*WORK INSTRUCTIONS*. Using the listing below, determine the count of lines with the word "which" and reply only with it.
··· ENTRIES PROVIDED ···
(* For every pair $(R,S)\in\{(R_1,R_4),(R_1,R_5),(R_2,R_4),(R_2,R_5),(R_3,R_5),(R_5,R_2),(R_5,R_3)\}$ we have $\mathsf{AP}(R,S)=\mathsf{C}$.
   Context: Tuples in $\{0,1\}^4$ are written as strings $abcd$. The relations $R_1,\dots,R_5\subseteq\{0,1\}^4$ are $R_1=\{0000,1000,0100,1100,1010,0110,1001,0101,0011,1011,0111,1111\}$, $R_2=\{0000,1000,0100,1100,1010,0101,0011,1111\}$, $R_3=\{0000,1100,1010,0101,0011,1011,0111,1111\}$, $R_4=\{0000,1100,1010,0101,0011,1111\}$, $R_5=\{0000,1100,1010,0110,1001,0101,0011,1111\}$. For $R,S\subseteq\{0,1\}^4$, a Boolean function $f\colon\{0,1\}^n\to\{0,1\}$ is analogy-preserving relative to $(R,S)$ if for all $\mathbf{a},\mathbf{b},\mathbf{c},\mathbf{d}\in\{0,1\}^n$ with $(a_i,b_i,c_i,d_i)\in R$ for every $i$ and such that $(f(\mathbf{a}),f(\mathbf{b}),f(\mathbf{c}),x)\in S$ for some $x\in\{0,1\}$, we have $(f(\mathbf{a}),f(\mathbf{b}),f(\mathbf{c}),f(\mathbf{d}))\in S$; $\mathsf{AP}(R,S)$ is the set of all such functions of all arities. $\mathsf{C}$ is the set of all constant Boolean functions (of all arities). *)

theory Defs
  imports Main
begin

type_synonym tup4 = "bool \<times> bool \<times> bool \<times> bool"

text \<open>Bit 0 is False, 1 is True; tuple abcd is (a,b,c,d).\<close>
definition R1 :: "tup4 set" where
  "R1 = {(False,False,False,False),(True,False,False,False),(False,True,False,False),
         (True,True,False,False),(True,False,True,False),(False,True,True,False),
         (True,False,False,True),(False,True,False,True),(False,False,True,True),
         (True,False,True,True),(False,True,True,True),(True,True,True,True)}"

definition R2 :: "tup4 set" where
  "R2 = {(False,False,False,False),(True,False,False,False),(False,True,False,False),
         (True,True,False,False),(True,False,True,False),(False,True,False,True),
         (False,False,True,True),(True,True,True,True)}"

definition R3 :: "tup4 set" where
  "R3 = {(False,False,False,False),(True,True,False,False),(True,False,True,False),
         (False,True,False,True),(False,False,True,True),(True,False,True,True),
         (False,True,True,True),(True,True,True,True)}"

definition R4 :: "tup4 set" where
  "R4 = {(False,False,False,False),(True,True,False,False),(True,False,True,False),
         (False,True,False,True),(False,False,True,True),(True,True,True,True)}"

definition R5 :: "tup4 set" where
  "R5 = {(False,False,False,False),(True,True,False,False),(True,False,True,False),
         (False,True,True,False),(True,False,False,True),(False,True,False,True),
         (False,False,True,True),(True,True,True,True)}"

text \<open>An n-ary Boolean function is represented by f :: bool list => bool, of which
  only the values on lists of length n matter.\<close>
definition AP :: "tup4 set \<Rightarrow> tup4 set \<Rightarrow> nat \<Rightarrow> (bool list \<Rightarrow> bool) \<Rightarrow> bool" where
  "AP R S n f \<longleftrightarrow>
     (\<forall>a b c d. length a = n \<and> length b = n \<and> length c = n \<and> length d = n \<and>
        (\<forall>i<n. (a ! i, b ! i, c ! i, d ! i) \<in> R) \<and>
        (\<exists>x. (f a, f b, f c, x) \<in> S)
        \<longrightarrow> (f a, f b, f c, f d) \<in> S)"

definition is_const :: "nat \<Rightarrow> (bool list \<Rightarrow> bool) \<Rightarrow> bool" where
  "is_const n f \<longleftrightarrow> (\<exists>v. \<forall>x. length x = n \<longrightarrow> f x = v)"

end

theory Submission
  imports Defs
begin

text \<open>Every pair is handled by one or two instances of the analogy-preservation condition
  in which each coordinate of \<open>a, b, c, d\<close> is either a constant or a copy of the
  corresponding coordinate of an arbitrary argument \<open>x\<close>; the resulting constraint on
  \<open>f\<close> at \<open>x\<close>, at the all-zero and at the all-one argument forces \<open>f x = f 0\<dots>0\<close>.
  Conversely a constant function preserves analogies because every \<open>S\<close> involved
  contains \<open>vvvv\<close> whenever it contains some \<open>vvve\<close>.\<close>

lemma AP_map_instance:
  assumes "AP R S n f" and "length x = n"
    and "\<And>p. (ga p, gb p, gc p, gd p) \<in> R"
    and "\<exists>e. (f (map ga x), f (map gb x), f (map gc x), e) \<in> S"
  shows "(f (map ga x), f (map gb x), f (map gc x), f (map gd x)) \<in> S"
  using assms unfolding AP_def by auto

definition diag_closed :: "tup4 set \<Rightarrow> bool" where
  "diag_closed S \<longleftrightarrow> (\<forall>v e. (v, v, v, e) \<in> S \<longrightarrow> (v, v, v, v) \<in> S)"

lemma diag_closed_R2: "diag_closed R2"
  and diag_closed_R3: "diag_closed R3"
  and diag_closed_R4: "diag_closed R4"
  and diag_closed_R5: "diag_closed R5"
  unfolding diag_closed_def R2_def R3_def R4_def R5_def by auto

lemma AP_if_is_const:
  assumes "diag_closed S" and "is_const n f"
  shows "AP R S n f"
proof -
  obtain v where v: "\<And>x. length x = n \<Longrightarrow> f x = v"
    using assms(2) unfolding is_const_def by blast
  show ?thesis
    unfolding AP_def
  proof (intro allI impI)
    fix a b c d
    assume H: "length a = n \<and> length b = n \<and> length c = n \<and> length d = n \<and>
        (\<forall>i<n. (a ! i, b ! i, c ! i, d ! i) \<in> R) \<and> (\<exists>x. (f a, f b, f c, x) \<in> S)"
    then have "f a = v" "f b = v" "f c = v" "f d = v"
      using v by auto
    with H assms(1) show "(f a, f b, f c, f d) \<in> S"
      unfolding diag_closed_def by auto
  qed
qed

lemma AP_iff_is_const:
  assumes "diag_closed S"
    and "\<And>x. AP R S n f \<Longrightarrow> length x = n \<Longrightarrow> f x = f (replicate n False)"
  shows "AP R S n f \<longleftrightarrow> is_const n f"
  using AP_if_is_const[OF assms(1)] assms(2) unfolding is_const_def by blast

text \<open>In \<open>R4\<close> and \<open>R5\<close> a triple \<open>uvu\<close> always extends (by \<open>v\<close>), but \<open>uvuu\<close> only lies in the
  relation when \<open>u = v\<close>.\<close>

lemma AP_R4_R5_eq_at_zeros:
  assumes "AP R S n f" and "length x = n" and "S = R4 \<or> S = R5"
    and "\<And>p. (False, p, False, False) \<in> R"
  shows "f x = f (replicate n False)"
proof -
  have "(\<exists>e. (f (replicate n False), f x, f (replicate n False), e) \<in> S) \<Longrightarrow>
      (f (replicate n False), f x, f (replicate n False), f (replicate n False)) \<in> S"
    using AP_map_instance[OF assms(1,2), of "\<lambda>_. False" id "\<lambda>_. False" "\<lambda>_. False"] assms(2,4)
    by (simp add: map_replicate_const)
  with assms(3) show ?thesis
    unfolding R4_def R5_def by (cases "f (replicate n False)"; cases "f x") auto
qed

text \<open>If \<open>f x \<noteq> f 0\<dots>0\<close>, then one of the triples \<open>uvv\<close>, \<open>vuu\<close> is \<open>100\<close>, which extends in
  \<open>R2\<close> (by \<open>0\<close>) but not to \<open>1001\<close>; in \<open>R3\<close> the same happens with \<open>011\<close> and \<open>0110\<close>.\<close>

lemma AP_R2_R3_eq_at_zeros:
  assumes "AP R S n f" and "length x = n" and "S = R2 \<or> S = R3"
    and "\<And>p. (False, p, p, False) \<in> R" and "\<And>p. (p, False, False, p) \<in> R"
  shows "f x = f (replicate n False)"
proof -
  have "(\<exists>e. (f (replicate n False), f x, f x, e) \<in> S) \<Longrightarrow>
      (f (replicate n False), f x, f x, f (replicate n False)) \<in> S"
    using AP_map_instance[OF assms(1,2), of "\<lambda>_. False" id id "\<lambda>_. False"] assms(2,4)
    by (simp add: map_replicate_const)
  moreover have "(\<exists>e. (f x, f (replicate n False), f (replicate n False), e) \<in> S) \<Longrightarrow>
      (f x, f (replicate n False), f (replicate n False), f x) \<in> S"
    using AP_map_instance[OF assms(1,2), of id "\<lambda>_. False" "\<lambda>_. False" id] assms(2,5)
    by (simp add: map_replicate_const)
  ultimately show ?thesis
    using assms(3) unfolding R2_def R3_def
    by (cases "f (replicate n False)"; cases "f x") auto
qed

text \<open>\<open>R5\<close> is the set of even-parity tuples: every triple extends, and uniquely.\<close>

lemma mem_R5_iff: "(a, b, c, d) \<in> R5 \<longleftrightarrow> ((a \<longleftrightarrow> b) \<longleftrightarrow> (c \<longleftrightarrow> d))"
  unfolding R5_def by (cases a; cases b; cases c; cases d) auto

lemma R5_extends: "\<exists>d. (a, b, c, d) \<in> R5"
  by (rule exI[of _ "(a \<longleftrightarrow> b) \<longleftrightarrow> c"]) (auto simp: mem_R5_iff)

lemma AP_R1_R5_eq_at_zeros:
  assumes "AP R1 R5 n f" and "length x = n"
  shows "f x = f (replicate n False)"
proof -
  have "(False, True, True, p) \<in> R1" for p
    unfolding R1_def by (cases p) simp_all
  then have "(f (replicate n False), f (replicate n True), f (replicate n True), f x) \<in> R5"
    using AP_map_instance[OF assms(1,2), of "\<lambda>_. False" "\<lambda>_. True" "\<lambda>_. True" id] assms(2) R5_extends
    by (simp add: map_replicate_const)
  then show ?thesis
    by (auto simp: mem_R5_iff)
qed

lemma AP_R3_R5_eq_at_zeros:
  assumes "AP R3 R5 n f" and "length x = n"
  shows "f x = f (replicate n False)"
proof -
  have "(False, True, p, True) \<in> R3" for p
    unfolding R3_def by (cases p) simp_all
  then have "(f (replicate n False), f (replicate n True), f x, f (replicate n True)) \<in> R5"
    using AP_map_instance[OF assms(1,2), of "\<lambda>_. False" "\<lambda>_. True" id "\<lambda>_. True"] assms(2) R5_extends
    by (simp add: map_replicate_const)
  then show ?thesis
    by (auto simp: mem_R5_iff)
qed

lemma R1_0p00: "(False, p, False, False) \<in> R1"
  and R2_0p00: "(False, p, False, False) \<in> R2"
  and R5_0pp0: "(False, p, p, False) \<in> R5"
  and R5_p00p: "(p, False, False, p) \<in> R5"
  unfolding R1_def R2_def R5_def by (cases p; simp)+

theorem mainTheorem16:
  shows "\<forall>(R, S) \<in> {(R1,R4),(R1,R5),(R2,R4),(R2,R5),(R3,R5),(R5,R2),(R5,R3)}.
           \<forall>n f. AP R S n f \<longleftrightarrow> is_const n f"
proof (intro ballI allI, clarify)
  fix R S n and f :: "bool list \<Rightarrow> bool"
  assume RS: "(R, S) \<in> {(R1,R4),(R1,R5),(R2,R4),(R2,R5),(R3,R5),(R5,R2),(R5,R3)}"
  have "diag_closed S"
    using RS diag_closed_R2 diag_closed_R3 diag_closed_R4 diag_closed_R5 by auto
  moreover have "f x = f (replicate n False)" if "AP R S n f" and "length x = n" for x
    using RS that(1)
    by (elim insertE emptyE; clarsimp)
      (metis AP_R4_R5_eq_at_zeros[OF _ that(2) _ R1_0p00] AP_R4_R5_eq_at_zeros[OF _ that(2) _ R2_0p00]
        AP_R2_R3_eq_at_zeros[OF _ that(2) _ R5_0pp0 R5_p00p]
        AP_R1_R5_eq_at_zeros[OF _ that(2)] AP_R3_R5_eq_at_zeros[OF _ that(2)])+
  ultimately show "AP R S n f \<longleftrightarrow> is_const n f"
    by (rule AP_iff_is_const)
qed

end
···
*WRITTEN RESPONSE*. 3